0.92 g of (S) -1H-4,5-dihydro-1- (1,1-dimethylethyloxycarbonyl) -2- (4-methylphenyl) -5- (1-methylethyl) -imidazoline (3. (05 mmol) was added 6 ml of trifluoroacetic acid under ice-cooling and stirred for 2 hours. After evaporating the solvent under reduced pressure, ethyl acetate and an aqueous sodium hydrogen carbonate solution were added to the resulting residue, and the mixture was extracted with ethyl acetate.
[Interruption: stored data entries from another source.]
(* Let $f:\mathbb{R}^n_{>0}\to\mathbb{R}^n_{>0}$ be order-preserving and homogeneous, and let $J$ be a nonempty proper subset of $[n]$. Then there exists $x\in\mathbb{R}^n_{>0}$ such that $$\max_{j\in J}\frac{f(x)_j}{x_j}<\min_{i\in[n]\setminus J}\frac{f(x)_i}{x_i}$$ if and only if $r(f^J_0)<\lambda(f^{[n]\setminus J}_\infty)$.
   Context: $[n]=\{1,\dots,n\}$; entrywise order. Order-preserving: $x\le y\Rightarrow f(x)\le f(y)$; homogeneous: $f(tx)=tf(x)$ for $t>0$. $f$ extends continuously to order-preserving homogeneous maps $\mathbb{R}^n_{\ge0}\to\mathbb{R}^n_{\ge0}$ and $(0,\infty]^n\to(0,\infty]^n$, again denoted $f$. $P^J_\alpha(x)_j=x_j$ for $j\in J$, $\alpha$ otherwise; $f^J_0=P^J_0fP^J_0$, $f^J_\infty=P^J_\infty fP^J_\infty$. For $g$ order-preserving homogeneous on $\mathbb{R}^n_{\ge0}$ or $(0,\infty]^n$: $r(g)=\inf_{x\in\mathbb{R}^n_{>0}}\max_ig(x)_i/x_i$, $\lambda(g)=\sup_{x\in\mathbb{R}^n_{>0}}\min_ig(x)_i/x_i$ (values in $[0,\infty]$). *)

theory Defs
  imports "HOL-Analysis.Analysis"
begin

text \<open>Vectors in R^n are modelled as real^'n for a finite index type 'n (so [n] = UNIV).\<close>

definition pos_vec :: "real^'n \<Rightarrow> bool" where
  "pos_vec x \<longleftrightarrow> (\<forall>i. 0 < x $ i)"

definition nonneg_vec :: "real^'n \<Rightarrow> bool" where
  "nonneg_vec x \<longleftrightarrow> (\<forall>i. 0 \<le> x $ i)"

definition order_preserving_pos :: "(real^'n \<Rightarrow> real^'n) \<Rightarrow> bool" where
  "order_preserving_pos f \<longleftrightarrow>
     (\<forall>x y. pos_vec x \<and> pos_vec y \<and> (\<forall>i. x $ i \<le> y $ i) \<longrightarrow> (\<forall>i. f x $ i \<le> f y $ i))"

definition homogeneous_pos :: "(real^'n \<Rightarrow> real^'n) \<Rightarrow> bool" where
  "homogeneous_pos f \<longleftrightarrow> (\<forall>x t. pos_vec x \<and> 0 < t \<longrightarrow> f (t *\<^sub>R x) = t *\<^sub>R f x)"

text \<open>Continuous extension to the closed cone R^n_{\<ge>0}:
  f(x) = lim_{eps -> 0+} f(x + eps 1), which by monotonicity is the infimum.\<close>
definition ext0 :: "(real^'n \<Rightarrow> real^'n) \<Rightarrow> real^'n \<Rightarrow> real^'n" where
  "ext0 f x = (\<chi> i. Inf {f (x + (\<chi> j. e)) $ i | e. 0 < e})"

text \<open>Continuous extension to (0,\<infinity>]^n: f(x) = lim_{t -> \<infinity>} f(min(x, t 1)),
  by monotonicity the supremum.\<close>
definition ext_inf :: "(real^'n \<Rightarrow> real^'n) \<Rightarrow> ereal^'n \<Rightarrow> ereal^'n" where
  "ext_inf f x = (\<chi> i. SUP t\<in>{0<..}. ereal (f (\<chi> j. real_of_ereal (min (x $ j) (ereal t))) $ i))"

definition P0 :: "'n set \<Rightarrow> real^'n \<Rightarrow> real^'n" where
  "P0 J x = (\<chi> j. if j \<in> J then x $ j else 0)"

definition Pinf :: "'n set \<Rightarrow> ereal^'n \<Rightarrow> ereal^'n" where
  "Pinf J x = (\<chi> j. if j \<in> J then x $ j else \<infinity>)"

definition f0 :: "'n set \<Rightarrow> (real^'n \<Rightarrow> real^'n) \<Rightarrow> real^'n \<Rightarrow> real^'n" where
  "f0 J f = P0 J \<circ> ext0 f \<circ> P0 J"

definition finf :: "'n set \<Rightarrow> (real^'n \<Rightarrow> real^'n) \<Rightarrow> ereal^'n \<Rightarrow> ereal^'n" where
  "finf J f = Pinf J \<circ> ext_inf f \<circ> Pinf J"

definition cw_r :: "(real^'n::finite \<Rightarrow> real^'n) \<Rightarrow> ereal" where
  "cw_r g = (INF x\<in>{x. pos_vec x}. Max (range (\<lambda>i. ereal (g x $ i / x $ i))))"

definition cw_lambda :: "(ereal^'n::finite \<Rightarrow> ereal^'n) \<Rightarrow> ereal" where
  "cw_lambda g = (SUP x\<in>{x. pos_vec x}.
      Min (range (\<lambda>i. g (\<chi> j. ereal (x $ j)) $ i / ereal (x $ i))))"

end

theory Submission
  imports Defs
begin

text \<open>
  Write \<open>K\<close> for the complement of \<open>J\<close>. Both sides say that some real \<open>c\<close> separates
  the coordinates in \<open>J\<close> from those in \<open>K\<close>: the left side at one vector \<open>x\<close>, with
  \<open>f(x) < c x\<close> on \<open>J\<close> and \<open>f(x) > c x\<close> on \<open>K\<close>, the right side at two vectors,
  \<open>f\<^sup>J\<^sub>0(y) < c y\<close> and \<open>f\<^sup>K\<^sub>\<infinity>(z) > c z\<close>. Going from one to two vectors is immediate
  since \<open>f\<^sup>J\<^sub>0 \<le> f\<close> on \<open>J\<close> and \<open>f\<^sup>K\<^sub>\<infinity> \<ge> f\<close> on \<open>K\<close>. Conversely, the extensions are
  monotone limits, so \<open>y\<close> and \<open>z\<close> may be replaced by positive vectors \<open>u\<close> and \<open>w\<close>
  with \<open>f(u) < c u\<close> on \<open>J\<close> and \<open>f(w) > c w\<close> on \<open>K\<close>. Scaling \<open>w\<close> down until
  \<open>\<beta> w \<le> u\<close>, the vector equal to \<open>u\<close> on \<open>J\<close> and to \<open>\<beta> w\<close> on \<open>K\<close> lies between
  \<open>\<beta> w\<close> and \<open>u\<close>, and monotonicity and homogeneity transfer both inequalities to it.
\<close>

lemma order_preserving_posD:
  assumes "order_preserving_pos f" "pos_vec x" "pos_vec y" "\<And>i. x $ i \<le> y $ i"
  shows "f x $ i \<le> f y $ i"
  using assms unfolding order_preserving_pos_def by blast

lemma homogeneous_posD:
  assumes "homogeneous_pos f" "pos_vec x" "0 < t"
  shows "f (t *\<^sub>R x) $ i = t * f x $ i"
  using assms unfolding homogeneous_pos_def by simp

lemma pos_vec_nonneg_plus_const:
  assumes "nonneg_vec y" "0 < e"
  shows "pos_vec (y + (\<chi> j. e))"
  using assms unfolding pos_vec_def nonneg_vec_def by (simp add: add_nonneg_pos)

lemma nonneg_vec_P0: "pos_vec x \<Longrightarrow> nonneg_vec (P0 J x)"
  unfolding pos_vec_def nonneg_vec_def P0_def by (simp add: less_imp_le)

lemma f0_nth: "f0 J f x $ i = (if i \<in> J then ext0 f (P0 J x) $ i else 0)"
  by (simp add: f0_def P0_def)

lemma finf_nth: "finf K f x $ i = (if i \<in> K then ext_inf f (Pinf K x) $ i else \<infinity>)"
  by (simp add: finf_def Pinf_def)

subsection \<open>The extension to the closed cone\<close>

lemma bdd_below_ext0_set:
  assumes "\<And>x. pos_vec x \<Longrightarrow> pos_vec (f x)" "nonneg_vec y"
  shows "bdd_below {f (y + (\<chi> j. e)) $ i | e. 0 < e}"
proof -
  have "0 \<le> f (y + (\<chi> j. e)) $ i" if "0 < e" for e
    using assms(1)[OF pos_vec_nonneg_plus_const[OF assms(2) that]]
    by (simp add: pos_vec_def less_imp_le)
  then show ?thesis
    unfolding bdd_below_def by blast
qed

lemma ext0_le:
  assumes fpos: "\<And>x. pos_vec x \<Longrightarrow> pos_vec (f x)" and op: "order_preserving_pos f"
    and hom: "homogeneous_pos f" and y: "nonneg_vec y" and x: "pos_vec x"
    and yx: "\<And>j. y $ j \<le> x $ j"
  shows "ext0 f y $ i \<le> f x $ i"
proof -
  define m where "m = Min (range (\<lambda>j. x $ j))"
  have m: "0 < m" "\<And>j. m \<le> x $ j"
    using x unfolding m_def pos_vec_def by auto
  have fx: "0 < f x $ i"
    using fpos[OF x] unfolding pos_vec_def by auto
  have "ext0 f y $ i \<le> f x $ i + d" if "0 < d" for d
  proof -
    define e where "e = d * m / f x $ i"
    have e: "0 < e"
      using that m fx unfolding e_def by auto
    \<comment> \<open>Homogeneity gives continuity from above: \<open>y + e\<close> lies below \<open>(1 + e/m) x\<close>.\<close>
    have "y $ j + e \<le> (1 + e / m) * x $ j" for j
    proof -
      have "e \<le> e / m * x $ j"
        using m(1) m(2)[of j] e by (simp add: field_simps)
      with yx[of j] show ?thesis
        by (simp add: algebra_simps)
    qed
    then have "f (y + (\<chi> j. e)) $ i \<le> f ((1 + e / m) *\<^sub>R x) $ i"
      using x e m(1) pos_vec_nonneg_plus_const[OF y e]
      by (intro order_preserving_posD[OF op]) (auto simp: pos_vec_def add_pos_pos)
    also have "\<dots> = (1 + e / m) * f x $ i"
      using homogeneous_posD[OF hom x] e m by (simp add: add_pos_pos)
    also have "\<dots> = f x $ i + d"
      unfolding e_def using m fx by (simp add: field_simps)
    finally have "f (y + (\<chi> j. e)) $ i \<le> f x $ i + d" .
    moreover have "ext0 f y $ i \<le> f (y + (\<chi> j. e)) $ i"
      unfolding ext0_def using e bdd_below_ext0_set[where f = f, OF fpos y] by (auto intro: cInf_lower)
    ultimately show ?thesis by linarith
  qed
  then show ?thesis by (rule field_le_epsilon)
qed

lemma ext0_less_uniform:
  assumes fpos: "\<And>x. pos_vec x \<Longrightarrow> pos_vec (f x)" and op: "order_preserving_pos f"
    and y: "nonneg_vec y" and less: "\<And>i. i \<in> I \<Longrightarrow> ext0 f y $ i < c i"
  shows "\<exists>e>0. \<forall>i\<in>I. f (y + (\<chi> j. e)) $ i < c i"
proof -
  have "\<exists>e>0. f (y + (\<chi> j. e)) $ i < c i" if "i \<in> I" for i
  proof -
    have ne: "{f (y + (\<chi> j. e)) $ i | e. 0 < e} \<noteq> {}"
      using zero_less_one by blast
    have "Inf {f (y + (\<chi> j. e)) $ i | e. 0 < e} < c i"
      using less[OF that] by (simp add: ext0_def)
    then show ?thesis
      using cInf_less_iff[OF ne bdd_below_ext0_set[OF fpos y]] by blast
  qed
  then obtain E where E: "\<And>i. i \<in> I \<Longrightarrow> 0 < E i \<and> f (y + (\<chi> j. E i)) $ i < c i"
    by metis
  define e where "e = Min (insert 1 (E ` I))"
  have e: "0 < e" "\<And>i. i \<in> I \<Longrightarrow> e \<le> E i"
    unfolding e_def using E by auto
  have "f (y + (\<chi> j. e)) $ i \<le> f (y + (\<chi> j. E i)) $ i" if "i \<in> I" for i
    using e E[OF that] that pos_vec_nonneg_plus_const[OF y]
    by (intro order_preserving_posD[OF op]) auto
  with E e show ?thesis
    by (meson order_le_less_trans)
qed

subsection \<open>The extension to the cone with infinite coordinates\<close>

definition trunc_vec :: "ereal^'n \<Rightarrow> real \<Rightarrow> real^'n" where
  "trunc_vec y t = (\<chi> j. real_of_ereal (min (y $ j) (ereal t)))"

lemma ext_inf_nth: "ext_inf f y $ i = (SUP t\<in>{0<..}. ereal (f (trunc_vec y t) $ i))"
  by (simp add: ext_inf_def trunc_vec_def)

lemma trunc_vec_nth_Pinf:
  "trunc_vec (Pinf K (\<chi> j. ereal (z $ j))) t $ j = (if j \<in> K then min (z $ j) t else t)"
  by (auto simp: trunc_vec_def Pinf_def min_def)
The ethyl acetate layer was washed with aqueous sodium hydrogen carbonate solution and brine, dried over anhydrous sodium sulfate, and the solvent was evaporated under reduced pressure to give (S) -1H-4,5-dihydro-2- (4 0.43 g of -methylphenyl) -5- (1-methylethyl) -imidazoline was obtained.

¹ HNMR (CDCl ₃ δ (ppm))
0.90 (d, 3H, J = 6.9Hz), 0.98 (d, 3H, J = 6.9Hz), 1.72-1.85 (m, 1H), 2.38 (s, 3H),
3.51-3.60 (m, 1H), 3.73-3.92 (m, 2H),
7.20 (d, 2H, J = 7.7Hz), 7.71 (d, 2H, J = 7.7Hz)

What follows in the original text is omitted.